# Redfoot Hatchling Pics!!!



## chadk (May 20, 2010)

The End!!


----------



## Scooter (May 20, 2010)

They are beautiful, the torts and the kids! Wonderful pictures!


----------



## superpooper (May 20, 2010)

I LOVE YOUR PICTURES!!!


----------



## Greg Knoell (May 20, 2010)

Fantastic photos! Thanks for posting them,


----------



## Traveller (May 21, 2010)

Awesome pics, very cute.


----------



## ChiKat (May 21, 2010)

Those pictures are FANTASTIC!!! Wow, I love them!
Those are the cutest little hatchlings I have seen in a while!
And your daughters are ADORABLE!! What are your kids' names? (oops hijack- sorry, I'm obsessed with names.)
And do these little hatchlings have names yet?


----------



## chadk (May 21, 2010)

Thanks everyone 

No names for the torts yet. Still throwing around ideas and seeing what sticks...

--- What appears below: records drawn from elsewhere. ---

section \<open>The star gadget\<close>

text \<open>Terminals are 0..k-1; the non-terminal for index j is k+j.  It is
  joined to terminal 0 (cost a j) and to every terminal in T j (cost 1).\<close>
locale star_gadget =
  fixes k :: nat and J :: "nat set" and T :: "nat \<Rightarrow> nat set"
  assumes k_pos: "0 < k"
    and finite_J: "finite J"
    and T_sub: "j \<in> J \<Longrightarrow> T j \<subseteq> {1..<k}"
begin

definition vertices :: "nat set" where
  "vertices = {..<k} \<union> (\<lambda>j. k + j) ` J"

definition terminals :: "nat set" where
  "terminals = {..<k}"

definition edges :: "nat set set" where
  "edges = (\<lambda>(j, t). {t, k + j}) ` (SIGMA j:J. insert 0 (T j))"

definition cost :: "(nat \<Rightarrow> real) \<Rightarrow> nat set \<Rightarrow> real" where
  "cost a e = (if 0 \<in> e then a (Max e - k) else 1)"

lemma nbr_lt_k: "j \<in> J \<Longrightarrow> t \<in> insert 0 (T j) \<Longrightarrow> t < k"
  using T_sub k_pos by force

lemma finite_T: "j \<in> J \<Longrightarrow> finite (T j)"
  using T_sub finite_subset by blast

lemma cost_hub: "cost a {0, k + j} = a j"
  using k_pos by (simp add: cost_def)

lemma cost_unit: "j \<in> J \<Longrightarrow> t \<in> T j \<Longrightarrow> cost a {t, k + j} = 1"
  using T_sub[of j] by (auto simp: cost_def)

lemma network:
  assumes "\<forall>j\<in>J. 0 < a j"
  shows "network vertices edges (cost a)"
proof -
  have "(\<exists>u v. e = {u, v} \<and> u \<noteq> v \<and> u \<in> vertices \<and> v \<in> vertices) \<and> 0 < cost a e"
    if "e \<in> edges" for e
  proof -
    obtain j t where e: "e = {t, k + j}" "j \<in> J" "t \<in> insert 0 (T j)"
      using \<open>e \<in> edges\<close> unfolding edges_def by auto
    have "t < k"
      using nbr_lt_k[OF e(2,3)] .
    then have "e = {t, k + j} \<and> t \<noteq> k + j \<and> t \<in> vertices \<and> k + j \<in> vertices"
      using e(1,2) by (auto simp: vertices_def)
    moreover have "0 < cost a e"
      using e assms cost_hub cost_unit by auto
    ultimately show ?thesis
      by blast
  qed
  moreover have "finite vertices"
    using finite_J by (simp add: vertices_def)
  ultimately show ?thesis
    unfolding network_def by blast
qed

lemma edges_bipartite: "e \<in> edges \<Longrightarrow> card (e \<inter> terminals) = 1"
proof -
  assume "e \<in> edges"
  then obtain j t where e: "e = {t, k + j}" "j \<in> J" "t \<in> insert 0 (T j)"
    unfolding edges_def by auto
  then have "e \<inter> terminals = {t}"
    using nbr_lt_k[OF e(2,3)] by (auto simp: terminals_def)
  then show ?thesis by simp
qed

definition local_cut :: "(nat \<Rightarrow> real) \<Rightarrow> nat set \<Rightarrow> nat \<Rightarrow> real" where
  "local_cut a W j =
     (\<Sum>t\<in>insert 0 (T j). if (t \<in> W) \<noteq> (k + j \<in> W) then cost a {t, k + j} else 0)"

lemma edges_inj: "inj_on (\<lambda>(j, t). {t, k + j}) (SIGMA j:J. insert 0 (T j))"
  unfolding inj_on_def by (auto simp: doubleton_eq_iff dest: nbr_lt_k)

text \<open>Every edge has exactly one non-terminal end, so a cut splits into
  the local cuts at the non-terminals.\<close>
lemma cut_cost_local: "cut_cost edges (cost a) W = (\<Sum>j\<in>J. local_cut a W j)"
proof -
  let ?f = "\<lambda>(j, t). {t, k + j}"
  let ?P = "SIGMA j:J. insert 0 (T j)"
  have finite_P: "finite ?P"
    using finite_J finite_T by (intro finite_SigmaI) auto
  have crossing: "card ({t, k + j} \<inter> W) = 1 \<longleftrightarrow> (t \<in> W) \<noteq> (k + j \<in> W)"
    if "t < k" for t j
    using that by (cases "t \<in> W"; cases "k + j \<in> W") (auto simp: Int_insert_left)
  have "{e \<in> edges. card (e \<inter> W) = 1} = ?f ` {x \<in> ?P. card (?f x \<inter> W) = 1}"
    unfolding edges_def by auto
  then have "cut_cost edges (cost a) W = (\<Sum>x\<in>{x \<in> ?P. card (?f x \<inter> W) = 1}. cost a (?f x))"
    unfolding cut_cost_def by (simp add: sum.reindex inj_on_subset[OF edges_inj])
  also have "\<dots> = (\<Sum>x\<in>?P. if card (?f x \<inter> W) = 1 then cost a (?f x) else 0)"
    using finite_P by (simp add: sum.inter_filter)
  also have "\<dots> = (\<Sum>(j, t)\<in>?P. if (t \<in> W) \<noteq> (k + j \<in> W) then cost a {t, k + j} else 0)"
  proof (intro sum.cong refl)
    fix x assume "x \<in> ?P"
    then obtain j t where "x = (j, t)" "t < k"
      using nbr_lt_k by auto
    then show "(if card (?f x \<inter> W) = 1 then cost a (?f x) else 0) =
        (case x of (j, t) \<Rightarrow> if (t \<in> W) \<noteq> (k + j \<in> W) then cost a {t, k + j} else 0)"
      using crossing by simp
  qed
  also have "\<dots> = (\<Sum>j\<in>J. local_cut a W j)"
    unfolding local_cut_def using finite_J finite_T by (subst sum.Sigma) auto
  finally show ?thesis .
qed

lemma local_cut_separating:
  assumes S: "S \<subseteq> {1..<k}" and W: "W \<inter> terminals = S \<or> W \<inter> terminals = terminals - S"
    and j: "j \<in> J"
  shows "local_cut a W j =
    (if (k + j \<in> W) = (0 \<in> W) then real (card (T j \<inter> S)) else a j + real (card (T j - S)))"
proof -
  have side: "t \<in> W \<longleftrightarrow> (t \<in> S \<longleftrightarrow> 0 \<notin> W)" if "t < k" for t
  proof -
    have "0 \<in> terminals" "t \<in> terminals" "0 \<notin> S"
      using S k_pos that by (auto simp: terminals_def)
    with W show ?thesis
      by blast
  qed
  have crossing: "{t\<in>T j. (t \<in> W) \<noteq> (k + j \<in> W)} =
      (if (k + j \<in> W) = (0 \<in> W) then T j \<inter> S else T j - S)"
  proof -
    have "t \<in> W \<longleftrightarrow> (t \<in> S \<longleftrightarrow> 0 \<notin> W)" if "t \<in> T j" for t
      using side nbr_lt_k[OF j] that by blast
    then show ?thesis
      by (cases "k + j \<in> W"; cases "0 \<in> W") auto
  qed
  have "(\<Sum>t\<in>T j. if (t \<in> W) \<noteq> (k + j \<in> W) then cost a {t, k + j} else 0) =
        (\<Sum>t\<in>T j. if (t \<in> W) \<noteq> (k + j \<in> W) then 1 else 0)"
    by (intro sum.cong refl) (simp add: cost_unit[OF j])
  also have "\<dots> = real (card {t\<in>T j. (t \<in> W) \<noteq> (k + j \<in> W)})"
    by (simp add: sum.inter_filter[symmetric] finite_T[OF j])
  finally have unit_edges: "(\<Sum>t\<in>T j. if (t \<in> W) \<noteq> (k + j \<in> W) then cost a {t, k + j} else 0) =
      real (card (if (k + j \<in> W) = (0 \<in> W) then T j \<inter> S else T j - S))"
    by (simp only: crossing)
  have "0 \<notin> T j"
    using T_sub[OF j] by auto
  then show ?thesis
    unfolding local_cut_def using unit_edges finite_T[OF j] by (simp add: cost_hub)
qed
(* Let $x\in\operatorname{Int}C$ and let $\beta:\mathbb{R}^{n_x}\to\mathbb{R}$ be a bounded measurable function with $\beta(y)=0$ for $y\notin C$. Then the limit $A^\pi\beta(x)=\lim_{t\searrow0}\frac{T_t^\pi\beta(x)-\beta(x)}{t}$ exists if and only if the limit $\mathcal{A}^\pi\beta(x)=\lim_{\tau\searrow0}\frac{\mathbb{E}^\pi[\beta(X_\tau)\mid X_0=x]-\beta(x)}{\tau}$ exists, and in that case $A^\pi\beta(x)=\mathcal{A}^\pi\beta(x)$.
   Context: Consider the controlled Itô SDE $dX_t=f(X_t,u_t)\,dt+\sigma(X_t,u_t)\,dW_t$ with state $X_t\in\mathbb{R}^{n_x}$, input $u_t\in U\subseteq\mathbb{R}^{n_u}$, locally Lipschitz $f:\mathbb{R}^{n_x}\times\mathbb{R}^{n_u}\to\mathbb{R}^{n_x}$ and $\sigma:\mathbb{R}^{n_x}\times\mathbb{R}^{n_u}\to\mathbb{R}^{n_x\times n_w}$, and $W_t$ a standard $n_w$-dimensional Brownian motion. The safe set $C\subsetneq\mathbb{R}^{n_x}$ is a compact regular set with nonempty connected interior and piecewise smooth boundary. Standing assumption: for every $x\in C$ and every input $u$, the matrix $\sigma(x,u)$ has full row rank. A time-invariant Lipschitz continuous feedback policy $\pi$ with values in $U$ is fixed and $u_t=\pi(X_t)$; $X_t$ denotes the (un-killed) closed-loop process (the paper implicitly takes $\pi$ defined wherever the process evolves, so that this process is well defined). The killed process uses a coffin state $K\notin\mathbb{R}^{n_x}$: $X_t^\dagger=X_t$ if $X_s\in C$ for all $s\in[0,t]$, and $X_t^\dagger=K$ otherwise. For $t\ge0$ and a measurable $\beta$ with $\beta=0$ outside $C$ (convention $\beta(K)=0$), $T_t^\pi\beta(x)=\mathbb{E}^\pi[\beta(X_t^\dagger)\mid X_0=x]$ for $x\in C$ and $T_t^\pi\beta(x)=0$ for $x\notin C$. $\mathbb{E}^\pi$ denotes expectation for the closed-loop system under $\pi$. *)

theory Defs
  imports "HOL-Analysis.Analysis" "HOL-Probability.Probability"
begin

The girls are Hope and Halle.


----------



## TortieLuver (May 21, 2010)

What a cute family! Thanks for sharing. Wow..lots of love for that large family of animals.


----------



## Candy (May 21, 2010)

Beautiful little Redfoots that you got from Tyler Stewart Chad. I love all of your pictures and your little girls are beautiful too. Are they identical? I do think that you should post the 7th picture in the photo contest though.


----------



## Tom (May 21, 2010)

There is just nothing on earth so perfect as a little hatchling tortoise. What is it about them?

Very nice and good pics too.


----------



## chadk (May 21, 2010)

They are not identical. They look quite different actually. And much different personalities too 

And same for the torts... Well, actually they are from different clutches. So not really 'twins', but I can clearly tell them apart based on both looks AND personality.


----------



## rwfoss (May 21, 2010)

Those are some of the most adorable pictures I've seen in a long time!! Pictures of the kids and the tortoise are great. There are some contest winners in there! 

Thanks for posting!


----------



## Candy (May 21, 2010)

They are very cute little girls, but that's why I asked because I didn't think that they were but from the angles of the pictures it was hard to tell. Yes I find my tortoises have very different personalities also.


----------



## N2TORTS (May 21, 2010)

Swwweeeetttt...... LQQKIN ... RF"s ya got there chad! ... Gotta love dem legs! .... Seems the " gals" .. quite intriged as well! 
HAppy Tort~N
JD~


----------



## chadk (May 24, 2010)

Thanks again everyone. 

Little torts are doing great. Still working on names...

My boys like Sherlok and Watson.

My wife likes Aragorn and Arwen (hoping they will grow up to be a breeding pair...).


----------



## Kristina (May 24, 2010)

Very beautiful pictures!!!!


----------